_How to complete this task_
The whole listing below should be duplicated exactly, with nothing left out.

==============================

text \<open>Integrating out a coordinate \<open>a\<close> that dominates the fresh coordinates \<open>C\<close>: given
  \<open>x a = t\<close>, the coordinates in \<open>C\<close> contribute the factor \<open>t ^ card C\<close>.\<close>

lemma nn_integral_PiM_dominating:
  fixes F :: "('i \<Rightarrow> real) \<Rightarrow> real \<Rightarrow> ennreal"
  assumes fin: "finite I" "finite C" and disj: "a \<notin> I" "a \<notin> C" "C \<inter> I = {}"
    and F[measurable]: "(\<lambda>(x, t). F x t) \<in> borel_measurable (PiM I (\<lambda>_. uniform01) \<Otimes>\<^sub>M uniform01)"
  shows "(\<integral>\<^sup>+x. F (restrict x I) (x a) * (\<Prod>c\<in>C. indicator {..<x a} (x c)) \<partial>PiM (insert a (C \<union> I)) (\<lambda>_. uniform01))
       = (\<integral>\<^sup>+t. ennreal (t ^ card C) * (\<integral>\<^sup>+x. F x t \<partial>PiM I (\<lambda>_. uniform01)) \<partial>uniform01)"
proof -
  let ?M = "\<lambda>_::'i. uniform01"
  have [measurable]: "Measurable.pred (PiM (insert a (C \<union> I)) ?M) (\<lambda>x. x c \<in> {..<x a})" if "c \<in> C" for c
    using that by simp
  have "(\<integral>\<^sup>+x. F (restrict x I) (x a) * (\<Prod>c\<in>C. indicator {..<x a} (x c)) \<partial>PiM (insert a (C \<union> I)) ?M)
     = (\<integral>\<^sup>+t. \<integral>\<^sup>+x. F (restrict (x(a:=t)) I) t * (\<Prod>c\<in>C. indicator {..<t} ((x(a:=t)) c)) \<partial>PiM (C \<union> I) ?M \<partial>uniform01)"
    by (subst U.product_nn_integral_insert_rev) (use fin disj in auto)
  also have "\<dots> = (\<integral>\<^sup>+t. \<integral>\<^sup>+x. F (restrict x I) t * (\<Prod>c\<in>C. indicator {..<t} (x c)) \<partial>PiM (I \<union> C) ?M \<partial>uniform01)"
  proof -
    have r: "restrict (x(a:=t)) I = restrict x I" for x t
      using disj by (auto simp: restrict_def)
    have p: "(\<Prod>c\<in>C. indicator {..<t} ((x(a:=t)) c)) = (\<Prod>c\<in>C. indicator {..<t} (x c) :: ennreal)" for x and t :: real
      using disj by (intro prod.cong) auto
    show ?thesis by (simp only: r p sup_commute[of C I])
  qed
  also have "\<dots> = (\<integral>\<^sup>+t. ennreal (t ^ card C) * (\<integral>\<^sup>+x. F x t \<partial>PiM I ?M) \<partial>uniform01)"
  proof (intro nn_integral_cong_AE, use AE_uniform01 in eventually_elim)
    case (elim t)
    have "(\<integral>\<^sup>+x. F (restrict x I) t * (\<Prod>c\<in>C. indicator {..<t} (x c)) \<partial>PiM (I \<union> C) ?M)
       = (\<integral>\<^sup>+x. \<integral>\<^sup>+y. F (restrict (merge I C (x, y)) I) t * (\<Prod>c\<in>C. indicator {..<t} (merge I C (x, y) c)) \<partial>PiM C ?M \<partial>PiM I ?M)"
      by (rule U.product_nn_integral_fold) (use fin disj in auto)
    also have "\<dots> = (\<integral>\<^sup>+x. \<integral>\<^sup>+y. F x t * (\<Prod>c\<in>C. indicator {..<t} (y c)) \<partial>PiM C ?M \<partial>PiM I ?M)"
    proof (intro nn_integral_cong)
      fix x y assume "x \<in> space (PiM I ?M)"
      then have "restrict (merge I C (x, y)) I = x"
        by (auto simp: restrict_def merge_def space_PiM PiE_def extensional_def fun_eq_iff)
      moreover have "(\<Prod>c\<in>C. indicator {..<t} (merge I C (x, y) c)) = (\<Prod>c\<in>C. indicator {..<t} (y c) :: ennreal)"
        using disj by (intro prod.cong) (auto simp: merge_def)
      ultimately show "F (restrict (merge I C (x, y)) I) t * (\<Prod>c\<in>C. indicator {..<t} (merge I C (x, y) c))
          = F x t * (\<Prod>c\<in>C. indicator {..<t} (y c))"
        by simp
    qed
    also have "\<dots> = (\<integral>\<^sup>+x. ennreal (t ^ card C) * F x t \<partial>PiM I ?M)"
      by (simp add: nn_integral_cmult nn_integral_PiM_uniform01_prod_indicator[OF fin(2) elim] mult.commute)
    finally show ?case by (simp add: nn_integral_cmult)
  qed
  finally show ?thesis .
qed
lemma ancestor_trans:
  assumes "ancestor x y" and "ancestor y z"
  shows "ancestor x z"
proof -
  have "(2::nat)^(fst z - fst x) = 2^(fst z - fst y) * 2^(fst y - fst x)"
    using assms by (simp add: ancestor_def flip: power_add)
  with assms show ?thesis
    by (simp add: ancestor_def div_mult2_eq)
qed

lemma ancestor_level_le: "ancestor z w \<Longrightarrow> fst z \<le> fst w"
  by (simp add: ancestor_def)

lemma ancestor_same_level_eq:
  "ancestor (k, j) w \<Longrightarrow> ancestor (k, j') w \<Longrightarrow> 1 \<le> j \<Longrightarrow> 1 \<le> j' \<Longrightarrow> j = j'"
  by (simp add: ancestor_def)

lemma ancestor_children:
  assumes "1 \<le> i"
  shows "ancestor (h, i) (h + 1, 2 * i - 1)" and "ancestor (h, i) (h + 1, 2 * i)"
  using assms by (simp_all add: ancestor_def)

lemma children_in_dtree:
  assumes "(h, i) \<in> dtree"
  shows "(h + 1, 2 * i - 1) \<in> dtree" and "(h + 1, 2 * i) \<in> dtree"
  using assms by (cases h; auto simp: dtree_def)+

text \<open>For a position \<open>u\<close> on some level (counted from 0), \<open>u div 2^e\<close> is the position of its
  ancestor \<open>e\<close> levels up; \<open>map_prefix f e\<close> moves the whole subtree below that ancestor
  as \<open>f\<close> moves the ancestor.\<close>

definition map_prefix :: "(nat \<Rightarrow> nat) \<Rightarrow> nat \<Rightarrow> nat \<Rightarrow> nat" where
  "map_prefix f e u = f (u div 2^e) * 2^e + u mod 2^e"

lemma map_prefix_div [simp]: "map_prefix f e u div 2^e = f (u div 2^e)"
  by (simp add: map_prefix_def)

lemma map_prefix_id [simp]: "map_prefix id e u = u"
  unfolding map_prefix_def id_def by (rule div_mult_mod_eq)

lemma map_prefix_map_prefix: "map_prefix f e (map_prefix g e u) = map_prefix (f \<circ> g) e u"
  by (simp add: map_prefix_def)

==============================

_Answer to the problem_
text \<open>Integrating out a coordinate \<open>a\<close> that dominates the fresh coordinates \<open>C\<close>: given
  \<open>x a = t\<close>, the coordinates in \<open>C\<close> contribute the factor \<open>t ^ card C\<close>.\<close>

lemma nn_integral_PiM_dominating:
  fixes F :: "('i \<Rightarrow> real) \<Rightarrow> real \<Rightarrow> ennreal"
  assumes fin: "finite I" "finite C" and disj: "a \<notin> I" "a \<notin> C" "C \<inter> I = {}"
    and F[measurable]: "(\<lambda>(x, t). F x t) \<in> borel_measurable (PiM I (\<lambda>_. uniform01) \<Otimes>\<^sub>M uniform01)"
  shows "(\<integral>\<^sup>+x. F (restrict x I) (x a) * (\<Prod>c\<in>C. indicator {..<x a} (x c)) \<partial>PiM (insert a (C \<union> I)) (\<lambda>_. uniform01))
       = (\<integral>\<^sup>+t. ennreal (t ^ card C) * (\<integral>\<^sup>+x. F x t \<partial>PiM I (\<lambda>_. uniform01)) \<partial>uniform01)"
proof -
  let ?M = "\<lambda>_::'i. uniform01"
  have [measurable]: "Measurable.pred (PiM (insert a (C \<union> I)) ?M) (\<lambda>x. x c \<in> {..<x a})" if "c \<in> C" for c
    using that by simp
  have "(\<integral>\<^sup>+x. F (restrict x I) (x a) * (\<Prod>c\<in>C. indicator {..<x a} (x c)) \<partial>PiM (insert a (C \<union> I)) ?M)
     = (\<integral>\<^sup>+t. \<integral>\<^sup>+x. F (restrict (x(a:=t)) I) t * (\<Prod>c\<in>C. indicator {..<t} ((x(a:=t)) c)) \<partial>PiM (C \<union> I) ?M \<partial>uniform01)"
    by (subst U.product_nn_integral_insert_rev) (use fin disj in auto)
  also have "\<dots> = (\<integral>\<^sup>+t. \<integral>\<^sup>+x. F (restrict x I) t * (\<Prod>c\<in>C. indicator {..<t} (x c)) \<partial>PiM (I \<union> C) ?M \<partial>uniform01)"
  proof -
    have r: "restrict (x(a:=t)) I = restrict x I" for x t
      using disj by (auto simp: restrict_def)
    have p: "(\<Prod>c\<in>C. indicator {..<t} ((x(a:=t)) c)) = (\<Prod>c\<in>C. indicator {..<t} (x c) :: ennreal)" for x and t :: real
      using disj by (intro prod.cong) auto
    show ?thesis by (simp only: r p sup_commute[of C I])
  qed
  also have "\<dots> = (\<integral>\<^sup>+t. ennreal (t ^ card C) * (\<integral>\<^sup>+x. F x t \<partial>PiM I ?M) \<partial>uniform01)"
  proof (intro nn_integral_cong_AE, use AE_uniform01 in eventually_elim)
    case (elim t)
    have "(\<integral>\<^sup>+x. F (restrict x I) t * (\<Prod>c\<in>C. indicator {..<t} (x c)) \<partial>PiM (I \<union> C) ?M)
       = (\<integral>\<^sup>+x. \<integral>\<^sup>+y. F (restrict (merge I C (x, y)) I) t * (\<Prod>c\<in>C. indicator {..<t} (merge I C (x, y) c)) \<partial>PiM C ?M \<partial>PiM I ?M)"
      by (rule U.product_nn_integral_fold) (use fin disj in auto)
    also have "\<dots> = (\<integral>\<^sup>+x. \<integral>\<^sup>+y. F x t * (\<Prod>c\<in>C. indicator {..<t} (y c)) \<partial>PiM C ?M \<partial>PiM I ?M)"
    proof (intro nn_integral_cong)
      fix x y assume "x \<in> space (PiM I ?M)"
      then have "restrict (merge I C (x, y)) I = x"
        by (auto simp: restrict_def merge_def space_PiM PiE_def extensional_def fun_eq_iff)
      moreover have "(\<Prod>c\<in>C. indicator {..<t} (merge I C (x, y) c)) = (\<Prod>c\<in>C. indicator {..<t} (y c) :: ennreal)"
        using disj by (intro prod.cong) (auto simp: merge_def)
      ultimately show "F (restrict (merge I C (x, y)) I) t * (\<Prod>c\<in>C. indicator {..<t} (merge I C (x, y) c))
          = F x t * (\<Prod>c\<in>C. indicator {..<t} (y c))"
        by simp
    qed
    also have "\<dots> = (\<integral>\<^sup>+x. ennreal (t ^ card C) * F x t \<partial>PiM I ?M)"
      by (simp add: nn_integral_cmult nn_integral_PiM_uniform01_prod_indicator[OF fin(2) elim] mult.commute)
    finally show ?case by (simp add: nn_integral_cmult)
  qed
  finally show ?thesis .
qed
lemma ancestor_trans:
  assumes "ancestor x y" and "ancestor y z"
  shows "ancestor x z"
proof -
  have "(2::nat)^(fst z - fst x) = 2^(fst z - fst y) * 2^(fst y - fst x)"
    using assms by (simp add: ancestor_def flip: power_add)
  with assms show ?thesis
    by (simp add: ancestor_def div_mult2_eq)
qed

lemma ancestor_level_le: "ancestor z w \<Longrightarrow> fst z \<le> fst w"
  by (simp add: ancestor_def)

lemma ancestor_same_level_eq:
  "ancestor (k, j) w \<Longrightarrow> ancestor (k, j') w \<Longrightarrow> 1 \<le> j \<Longrightarrow> 1 \<le> j' \<Longrightarrow> j = j'"
  by (simp add: ancestor_def)

lemma ancestor_children:
  assumes "1 \<le> i"
  shows "ancestor (h, i) (h + 1, 2 * i - 1)" and "ancestor (h, i) (h + 1, 2 * i)"
  using assms by (simp_all add: ancestor_def)

lemma children_in_dtree:
  assumes "(h, i) \<in> dtree"
  shows "(h + 1, 2 * i - 1) \<in> dtree" and "(h + 1, 2 * i) \<in> dtree"
  using assms by (cases h; auto simp: dtree_def)+

text \<open>For a position \<open>u\<close> on some level (counted from 0), \<open>u div 2^e\<close> is the position of its
  ancestor \<open>e\<close> levels up; \<open>map_prefix f e\<close> moves the whole subtree below that ancestor
  as \<open>f\<close> moves the ancestor.\<close>

definition map_prefix :: "(nat \<Rightarrow> nat) \<Rightarrow> nat \<Rightarrow> nat \<Rightarrow> nat" where
  "map_prefix f e u = f (u div 2^e) * 2^e + u mod 2^e"

lemma map_prefix_div [simp]: "map_prefix f e u div 2^e = f (u div 2^e)"
  by (simp add: map_prefix_def)

lemma map_prefix_id [simp]: "map_prefix id e u = u"
  unfolding map_prefix_def id_def by (rule div_mult_mod_eq)

lemma map_prefix_map_prefix: "map_prefix f e (map_prefix g e u) = map_prefix (f \<circ> g) e u"
  by (simp add: map_prefix_def)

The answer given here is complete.